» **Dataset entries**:
(* If $\mathcal{E}\subseteq \mathcal{P}(S)$ is a self-dissecting collection of sets, then $\mathfrak{H}(\mathcal{E})= \mathcal{C}(\mathcal{E})$.
   Context: $C(S)$ is the set of countable subsets of a set $S$; for $A\subseteq S$, $N_A:C(S)\to\mathbb{N}_0\cup\{\infty\}$, $M\mapsto|A\cap M|$. For nonempty $\mathcal{T}\subseteq\mathcal{P}(S)$: $\mathcal{C}(\mathcal{T})=\sigma(N_A\mid A\in\mathcal{T})$ and $\mathfrak{H}(\mathcal{T})=\sigma(\{N_A\neq0\}\mid A\in\mathcal{T})$, both $\sigma$-fields on $C(S)$. Dissecting system for $A\subseteq S$: families $\{A_{n,k}\mid k\in I_n\}$, $I_n\subseteq\mathbb{N}$, $n\in\mathbb{N}$, such that (i) for each $n$ the $A_{n,k}$ are pairwise disjoint, $\bigcup_{k\in I_n}A_{n,k}\subseteq\bigcup_{k\in I_{n+1}}A_{n+1,k}\subseteq A$ and $\bigcup_{n,k}A_{n,k}=A$; (ii) for distinct $x,y\in A$ there is $n(x,y)$ such that for all $n\ge n(x,y)$ some $A_{n,k}$ contains exactly one of $x,y$. A nonempty $\mathcal{E}\subseteq\mathcal{P}(S)$ is self-dissecting if each $A\in\mathcal{E}$ has a dissecting system with all $A_{n,k}\in\mathcal{E}$. *)

theory Defs
  imports "HOL-Analysis.Analysis"
begin

definition Csets :: "'a set \<Rightarrow> 'a set set" where
  "Csets S = {M. M \<subseteq> S \<and> countable M}"

definition Ncount :: "'a set \<Rightarrow> 'a set \<Rightarrow> enat" where
  "Ncount A M = (if finite (A \<inter> M) then enat (card (A \<inter> M)) else \<infinity>)"

text \<open>\<C>(T) = \<sigma>(N_A | A \<in> T): generated by all preimages N_A^{-1}(B), B \<subseteq> N_0 \<union> {\<infinity>}
  (the value space carries its power set, i.e. it is discrete).\<close>
definition CC :: "'a set \<Rightarrow> 'a set set \<Rightarrow> 'a set set set" where
  "CC S T = sigma_sets (Csets S)
     {{M \<in> Csets S. Ncount A M \<in> B} | A B. A \<in> T}"

definition HH :: "'a set \<Rightarrow> 'a set set \<Rightarrow> 'a set set set" where
  "HH S T = sigma_sets (Csets S) {{M \<in> Csets S. Ncount A M \<noteq> 0} | A. A \<in> T}"

definition dissecting_system :: "'a set \<Rightarrow> (nat \<Rightarrow> nat set) \<Rightarrow> (nat \<Rightarrow> nat \<Rightarrow> 'a set) \<Rightarrow> bool" where
  "dissecting_system A I D \<longleftrightarrow>
     (\<forall>n. disjoint_family_on (D n) (I n)) \<and>
     (\<forall>n. (\<Union>k\<in>I n. D n k) \<subseteq> (\<Union>k\<in>I (Suc n). D (Suc n) k)) \<and>
     (\<forall>n. (\<Union>k\<in>I n. D n k) \<subseteq> A) \<and>
     (\<Union>n. \<Union>k\<in>I n. D n k) = A \<and>
     (\<forall>x\<in>A. \<forall>y\<in>A. x \<noteq> y \<longrightarrow>
        (\<exists>n0. \<forall>n\<ge>n0. \<exists>k\<in>I n. (x \<in> D n k) \<noteq> (y \<in> D n k)))"

definition self_dissecting :: "'a set set \<Rightarrow> bool" where
  "self_dissecting E \<longleftrightarrow> E \<noteq> {} \<and>
     (\<forall>A\<in>E. \<exists>I D. dissecting_system A I D \<and> (\<forall>n. \<forall>k\<in>I n. D n k \<in> E))"

end

theory Submission
  imports Defs
begin

(*
  Trivially H(E) \<subseteq> C(E), since {N_A \<noteq> 0} is a preimage under N_A.
  For the converse it suffices (N_A takes values in the countable set N_0 \<union> {\<infinity>}) to
  show that every level set {N_A \<ge> j} with A \<in> E lies in H(E): indeed
  {N_A = j} = {N_A \<ge> j} - {N_A \<ge> j+1} and {N_A = \<infinity>} = \<Inter>_j {N_A \<ge> j}.
  Take a dissecting system (D n k) of A inside E.  A countable set M meets A in at
  least j points iff, for some n, at least j distinct cells D n k meet M: finitely
  many points of A are eventually covered by and separated into distinct cells of
  one level n, and conversely points chosen in distinct (disjoint) cells are
  distinct.  Hence {N_A \<ge> j} is a countable union of finite intersections of
  generators {N_{D n k} \<noteq> 0} of H(E).
*)

lemma Ncount_ge:
  "enat j \<le> Ncount A M \<longleftrightarrow> (\<exists>F. finite F \<and> card F = j \<and> F \<subseteq> A \<inter> M)"
proof (cases "finite (A \<inter> M)")
  case True
  show ?thesis
  proof
    assume "enat j \<le> Ncount A M"
    then have "j \<le> card (A \<inter> M)" using True by (simp add: Ncount_def)
    then obtain F where "F \<subseteq> A \<inter> M" "card F = j" "finite F"
      by (rule obtain_subset_with_card_n)
    then show "\<exists>F. finite F \<and> card F = j \<and> F \<subseteq> A \<inter> M" by blast
  next
    assume "\<exists>F. finite F \<and> card F = j \<and> F \<subseteq> A \<inter> M"
    then have "j \<le> card (A \<inter> M)" using True card_mono by blast
    then show "enat j \<le> Ncount A M" using True by (simp add: Ncount_def)
  qed
next
  case False
  then show ?thesis using infinite_arbitrarily_large[OF False] by (simp add: Ncount_def)
qed

lemma Ncount_ne0: "Ncount A M \<noteq> 0 \<longleftrightarrow> A \<inter> M \<noteq> {}"
  by (auto simp: Ncount_def zero_enat_def)

text \<open>A map into the countable set of extended naturals is measurable as soon as all
  its upper level sets are: the fibres are differences resp. intersections of them.\<close>
lemma (in sigma_algebra) enat_preimage_from_level_sets:
  fixes f :: "'a \<Rightarrow> enat"
  assumes level: "\<And>j. {x \<in> \<Omega>. enat j \<le> f x} \<in> M"
  shows "{x \<in> \<Omega>. f x \<in> B} \<in> M"
proof -
  have fibre_finite: "{x \<in> \<Omega>. f x = enat j} \<in> M" for j
  proof -
    have "v = enat j \<longleftrightarrow> enat j \<le> v \<and> \<not> enat (Suc j) \<le> v" for v :: enat
      by (cases v) auto
    then have "{x \<in> \<Omega>. f x = enat j} =
        {x \<in> \<Omega>. enat j \<le> f x} - {x \<in> \<Omega>. enat (Suc j) \<le> f x}"
      by blast
    then show ?thesis using level by auto
  qed
  have fibre_infinite: "{x \<in> \<Omega>. f x = \<infinity>} \<in> M"
  proof -
    have "v = \<infinity> \<longleftrightarrow> (\<forall>j. enat j \<le> v)" for v :: enat
      by (cases v) (auto intro: exI[of _ "Suc (the_enat v)"])
    then have "{x \<in> \<Omega>. f x = \<infinity>} = (\<Inter>j. {x \<in> \<Omega>. enat j \<le> f x})"
      by blast
    then show ?thesis using level by auto
  qed
  have "{x \<in> \<Omega>. f x = v} \<in> M" for v
    using fibre_finite fibre_infinite by (cases v) auto
  then have "(\<Union>v\<in>B. {x \<in> \<Omega>. f x = v}) \<in> M" by blast
  moreover have "{x \<in> \<Omega>. f x \<in> B} = (\<Union>v\<in>B. {x \<in> \<Omega>. f x = v})" by blast
  ultimately show ?thesis by simp
qed

lemma
  assumes "dissecting_system A I D"
  shows dissecting_disjoint: "disjoint_family_on (D n) (I n)"
    and dissecting_level_step: "(\<Union>k\<in>I n. D n k) \<subseteq> (\<Union>k\<in>I (Suc n). D (Suc n) k)"
    and dissecting_level_subset: "(\<Union>k\<in>I n. D n k) \<subseteq> A"
    and dissecting_exhausts: "(\<Union>n. \<Union>k\<in>I n. D n k) = A"
  using assms unfolding dissecting_system_def by simp_all

lemma dissecting_eventually_separates:
  assumes "dissecting_system A I D" "x \<in> A" "y \<in> A" "x \<noteq> y"
  shows "eventually (\<lambda>n. \<exists>k\<in>I n. (x \<in> D n k) \<noteq> (y \<in> D n k)) sequentially"
proof -
  have "\<forall>x\<in>A. \<forall>y\<in>A. x \<noteq> y \<longrightarrow> (\<exists>n0. \<forall>n\<ge>n0. \<exists>k\<in>I n. (x \<in> D n k) \<noteq> (y \<in> D n k))"
    using assms(1) unfolding dissecting_system_def by (elim conjE)
  then show ?thesis
    using assms(2-4) unfolding eventually_sequentially by blast
qed

text \<open>Since the levels increase and exhaust A, every point of A is eventually covered.\<close>
lemma dissecting_eventually_covers:
  assumes ds: "dissecting_system A I D" and "x \<in> A"
  shows "eventually (\<lambda>n. \<exists>k\<in>I n. x \<in> D n k) sequentially"
proof -
  obtain m where m: "x \<in> (\<Union>k\<in>I m. D m k)"
    using dissecting_exhausts[OF ds] \<open>x \<in> A\<close> by blast
  have "x \<in> (\<Union>k\<in>I n. D n k)" if "m \<le> n" for n
    using lift_Suc_mono_le[where f = "\<lambda>n. \<Union>k\<in>I n. D n k", OF dissecting_level_step[OF ds] that] m
    by blast
  then show ?thesis
    unfolding eventually_sequentially by blast
qed

lemma disjoint_family_on_cell_unique:
  assumes "disjoint_family_on D I" "k \<in> I" "l \<in> I" "x \<in> D k" "x \<in> D l"
  shows "k = l"
  using assms unfolding disjoint_family_on_def by blast

lemma dissecting_finite_injection:
  assumes ds: "dissecting_system A I D" and F: "finite F" "F \<subseteq> A"
  obtains n g where "\<And>x. x \<in> F \<Longrightarrow> g x \<in> I n \<and> x \<in> D n (g x)" "inj_on g F"
proof -
  define good where "good n x \<longleftrightarrow> (\<exists>k\<in>I n. x \<in> D n k) \<and>
      (\<forall>y\<in>F. x \<noteq> y \<longrightarrow> (\<exists>k\<in>I n. (x \<in> D n k) \<noteq> (y \<in> D n k)))" for n x
  have "eventually (\<lambda>n. good n x) sequentially" if "x \<in> F" for x
  proof -
    have "x \<in> A" using that F by blast
    have "eventually (\<lambda>n. \<forall>y\<in>F. x \<noteq> y \<longrightarrow> (\<exists>k\<in>I n. (x \<in> D n k) \<noteq> (y \<in> D n k)))
        sequentially"
    proof (intro eventually_ball_finite[OF \<open>finite F\<close>] ballI)
      fix y assume "y \<in> F"
      then show "eventually (\<lambda>n. x \<noteq> y \<longrightarrow> (\<exists>k\<in>I n. (x \<in> D n k) \<noteq> (y \<in> D n k))) sequentially"
        using dissecting_eventually_separates[OF ds \<open>x \<in> A\<close>, of y] F
        by (cases "x = y") (auto elim: eventually_mono)
    qed
    then show ?thesis
      unfolding good_def using eventually_conj dissecting_eventually_covers[OF ds \<open>x \<in> A\<close>] by blast
  qed
  then have "eventually (\<lambda>n. \<forall>x\<in>F. good n x) sequentially"
    by (intro eventually_ball_finite[OF \<open>finite F\<close>] ballI)
  then obtain n where "\<And>x. x \<in> F \<Longrightarrow> good n x"
    unfolding eventually_sequentially by blast
  then have cover: "\<And>x. x \<in> F \<Longrightarrow> \<exists>k\<in>I n. x \<in> D n k"
    and split: "\<And>x y. x \<in> F \<Longrightarrow> y \<in> F \<Longrightarrow> x \<noteq> y \<Longrightarrow> \<exists>k\<in>I n. (x \<in> D n k) \<noteq> (y \<in> D n k)"
    unfolding good_def by blast+
  obtain g where g: "\<And>x. x \<in> F \<Longrightarrow> g x \<in> I n \<and> x \<in> D n (g x)"
    using cover by metis
  have "inj_on g F"
  proof (rule inj_onI, rule ccontr)
    fix x y assume "x \<in> F" "y \<in> F" "g x = g y" "x \<noteq> y"
    then obtain k where k: "k \<in> I n" "(x \<in> D n k) \<noteq> (y \<in> D n k)"
      using split by blast
    have "x \<in> D n (g x)" "y \<in> D n (g x)" "g x \<in> I n"
      using g \<open>x \<in> F\<close> \<open>y \<in> F\<close> \<open>g x = g y\<close> by metis+
    then show False
      using k disjoint_family_on_cell_unique[OF dissecting_disjoint[OF ds]] by metis
  qed
  then show thesis using that g by blast
qed

lemma dissecting_Ncount_ge:
  assumes ds: "dissecting_system A I D"
  shows "enat j \<le> Ncount A M \<longleftrightarrow>
    (\<exists>n K. finite K \<and> K \<subseteq> I n \<and> card K = j \<and> (\<forall>k\<in>K. Ncount (D n k) M \<noteq> 0))"
proof
  assume "enat j \<le> Ncount A M"
  then obtain F where F: "finite F" "card F = j" "F \<subseteq> A \<inter> M"
    unfolding Ncount_ge by blast
  have "F \<subseteq> A" using F(3) by blast
  then obtain n g where g: "\<And>x. x \<in> F \<Longrightarrow> g x \<in> I n \<and> x \<in> D n (g x)" and "inj_on g F"
    using dissecting_finite_injection[OF ds F(1)] by metis
  have "card (g ` F) = j"
    using \<open>inj_on g F\<close> F(2) by (simp add: card_image)
  moreover have "g ` F \<subseteq> I n"
    using g by blast
  moreover have "\<forall>k\<in>g ` F. Ncount (D n k) M \<noteq> 0"
    using g F(3) by (auto simp: Ncount_ne0)
  ultimately show "\<exists>n K. finite K \<and> K \<subseteq> I n \<and> card K = j \<and> (\<forall>k\<in>K. Ncount (D n k) M \<noteq> 0)"
    using F(1) by blast
next
  assume "\<exists>n K. finite K \<and> K \<subseteq> I n \<and> card K = j \<and> (\<forall>k\<in>K. Ncount (D n k) M \<noteq> 0)"
  then obtain n K where K: "finite K" "K \<subseteq> I n" "card K = j"
    and meets: "\<forall>k\<in>K. Ncount (D n k) M \<noteq> 0"
    by blast
  have "\<forall>k\<in>K. \<exists>y. y \<in> D n k \<inter> M"
    using meets by (auto simp: Ncount_ne0)
  then obtain x where x: "\<And>k. k \<in> K \<Longrightarrow> x k \<in> D n k \<inter> M"
    by metis
  have "inj_on x K"
  proof (rule inj_onI)
    fix k l assume "k \<in> K" "l \<in> K" "x k = x l"
    then have "x k \<in> D n k" "x k \<in> D n l" "k \<in> I n" "l \<in> I n"
      using x[OF \<open>k \<in> K\<close>] x[OF \<open>l \<in> K\<close>] K(2) by auto
    then show "k = l"
      by (meson disjoint_family_on_cell_unique dissecting_disjoint[OF ds])
  qed
  then have "card (x ` K) = j"
    using K(3) by (simp add: card_image)
  moreover have "x ` K \<subseteq> A \<inter> M"
    using x K(2) dissecting_level_subset[OF ds] by blast
  ultimately show "enat j \<le> Ncount A M"
    unfolding Ncount_ge using K(1) by blast
qed

lemma sigma_algebra_HH: "sigma_algebra (Csets S) (HH S T)"
  unfolding HH_def by (rule sigma_algebra_sigma_sets) auto

lemma generator_in_HH: "A \<in> T \<Longrightarrow> {M \<in> Csets S. Ncount A M \<noteq> 0} \<in> HH S T"
  unfolding HH_def by blast

lemma HH_subset_CC: "HH S T \<subseteq> CC S T"
  unfolding HH_def CC_def
proof (rule sigma_sets_subseteq, safe)
  fix A assume "A \<in> T"
  then show "\<exists>A' B. {M \<in> Csets S. Ncount A M \<noteq> 0} = {M \<in> Csets S. Ncount A' M \<in> B} \<and> A' \<in> T"
    by (intro exI[of _ A] exI[of _ "- {0}"]) auto
qed

lemma CC_subset_HH_if_level_sets:
  assumes "\<And>A j. A \<in> T \<Longrightarrow> {M \<in> Csets S. enat j \<le> Ncount A M} \<in> HH S T"
  shows "CC S T \<subseteq> HH S T"
proof -
  interpret H: sigma_algebra "Csets S" "HH S T" by (rule sigma_algebra_HH)
  show ?thesis
    unfolding CC_def
    using assms by (auto intro!: H.sigma_sets_subset H.enat_preimage_from_level_sets)
qed

text \<open>For a self-dissecting family the level sets are countable unions of finite
  intersections of generators of H(E).\<close>
lemma self_dissecting_level_set_in_HH:
  assumes "self_dissecting E" "A \<in> E"
  shows "{M \<in> Csets S. enat j \<le> Ncount A M} \<in> HH S E"
proof -
  interpret H: sigma_algebra "Csets S" "HH S E" by (rule sigma_algebra_HH)
  obtain I D where ds: "dissecting_system A I D" and DE: "\<And>n k. k \<in> I n \<Longrightarrow> D n k \<in> E"
    using assms unfolding self_dissecting_def by blast
  define cells where "cells n = {K. finite K \<and> K \<subseteq> I n \<and> card K = j}" for n
  define hits where "hits n K = {M \<in> Csets S. \<forall>k\<in>K. Ncount (D n k) M \<noteq> 0}" for n K
  have hits_in: "hits n K \<in> HH S E" if "K \<in> cells n" for n K
  proof (cases "K = {}")
    case False
    have "hits n K = (\<Inter>k\<in>K. {M \<in> Csets S. Ncount (D n k) M \<noteq> 0})"
      using False unfolding hits_def by auto
    also have "\<dots> \<in> HH S E"
      using that False unfolding cells_def by (intro H.finite_INT generator_in_HH DE) auto
    finally show ?thesis .
  qed (simp add: hits_def)
  have "countable (cells n)" for n
    unfolding cells_def by (rule countable_subset[OF _ countable_Collect_finite]) auto
  then have "(\<Union>n. \<Union>K\<in>cells n. hits n K) \<in> HH S E"
    using hits_in by blast
  moreover have "{M \<in> Csets S. enat j \<le> Ncount A M} = (\<Union>n. \<Union>K\<in>cells n. hits n K)"
    unfolding cells_def hits_def dissecting_Ncount_ge[OF ds] by blast
  ultimately show ?thesis by simp
qed

text \<open>Main theorem.\<close>
theorem theorem3p1:
  fixes S :: "'a set" and E :: "'a set set"
  assumes "E \<subseteq> Pow S"
    and "self_dissecting E"
  shows "HH S E = CC S E"
proof
  show "HH S E \<subseteq> CC S E" by (rule HH_subset_CC)
  show "CC S E \<subseteq> HH S E"
    using self_dissecting_level_set_in_HH[OF assms(2)] by (rule CC_subset_HH_if_level_sets)
qed

end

» **TASK GOAL**:
Copy out each line of the data above, exactly, if it lies between the line holding "F \<Longrightarrow> y" and the line holding "using meets by (auto simp: Ncount_ne0)", inclusive; copy no other line.

» **REPLY TO THE TASK**:
    and split: "\<And>x y. x \<in> F \<Longrightarrow> y \<in> F \<Longrightarrow> x \<noteq> y \<Longrightarrow> \<exists>k\<in>I n. (x \<in> D n k) \<noteq> (y \<in> D n k)"
    unfolding good_def by blast+
  obtain g where g: "\<And>x. x \<in> F \<Longrightarrow> g x \<in> I n \<and> x \<in> D n (g x)"
    using cover by metis
  have "inj_on g F"
  proof (rule inj_onI, rule ccontr)
    fix x y assume "x \<in> F" "y \<in> F" "g x = g y" "x \<noteq> y"
    then obtain k where k: "k \<in> I n" "(x \<in> D n k) \<noteq> (y \<in> D n k)"
      using split by blast
    have "x \<in> D n (g x)" "y \<in> D n (g x)" "g x \<in> I n"
      using g \<open>x \<in> F\<close> \<open>y \<in> F\<close> \<open>g x = g y\<close> by metis+
    then show False
      using k disjoint_family_on_cell_unique[OF dissecting_disjoint[OF ds]] by metis
  qed
  then show thesis using that g by blast
qed

lemma dissecting_Ncount_ge:
  assumes ds: "dissecting_system A I D"
  shows "enat j \<le> Ncount A M \<longleftrightarrow>
    (\<exists>n K. finite K \<and> K \<subseteq> I n \<and> card K = j \<and> (\<forall>k\<in>K. Ncount (D n k) M \<noteq> 0))"
proof
  assume "enat j \<le> Ncount A M"
  then obtain F where F: "finite F" "card F = j" "F \<subseteq> A \<inter> M"
    unfolding Ncount_ge by blast
  have "F \<subseteq> A" using F(3) by blast
  then obtain n g where g: "\<And>x. x \<in> F \<Longrightarrow> g x \<in> I n \<and> x \<in> D n (g x)" and "inj_on g F"
    using dissecting_finite_injection[OF ds F(1)] by metis
  have "card (g ` F) = j"
    using \<open>inj_on g F\<close> F(2) by (simp add: card_image)
  moreover have "g ` F \<subseteq> I n"
    using g by blast
  moreover have "\<forall>k\<in>g ` F. Ncount (D n k) M \<noteq> 0"
    using g F(3) by (auto simp: Ncount_ne0)
  ultimately show "\<exists>n K. finite K \<and> K \<subseteq> I n \<and> card K = j \<and> (\<forall>k\<in>K. Ncount (D n k) M \<noteq> 0)"
    using F(1) by blast
next
  assume "\<exists>n K. finite K \<and> K \<subseteq> I n \<and> card K = j \<and> (\<forall>k\<in>K. Ncount (D n k) M \<noteq> 0)"
  then obtain n K where K: "finite K" "K \<subseteq> I n" "card K = j"
    and meets: "\<forall>k\<in>K. Ncount (D n k) M \<noteq> 0"
    by blast
  have "\<forall>k\<in>K. \<exists>y. y \<in> D n k \<inter> M"
    using meets by (auto simp: Ncount_ne0)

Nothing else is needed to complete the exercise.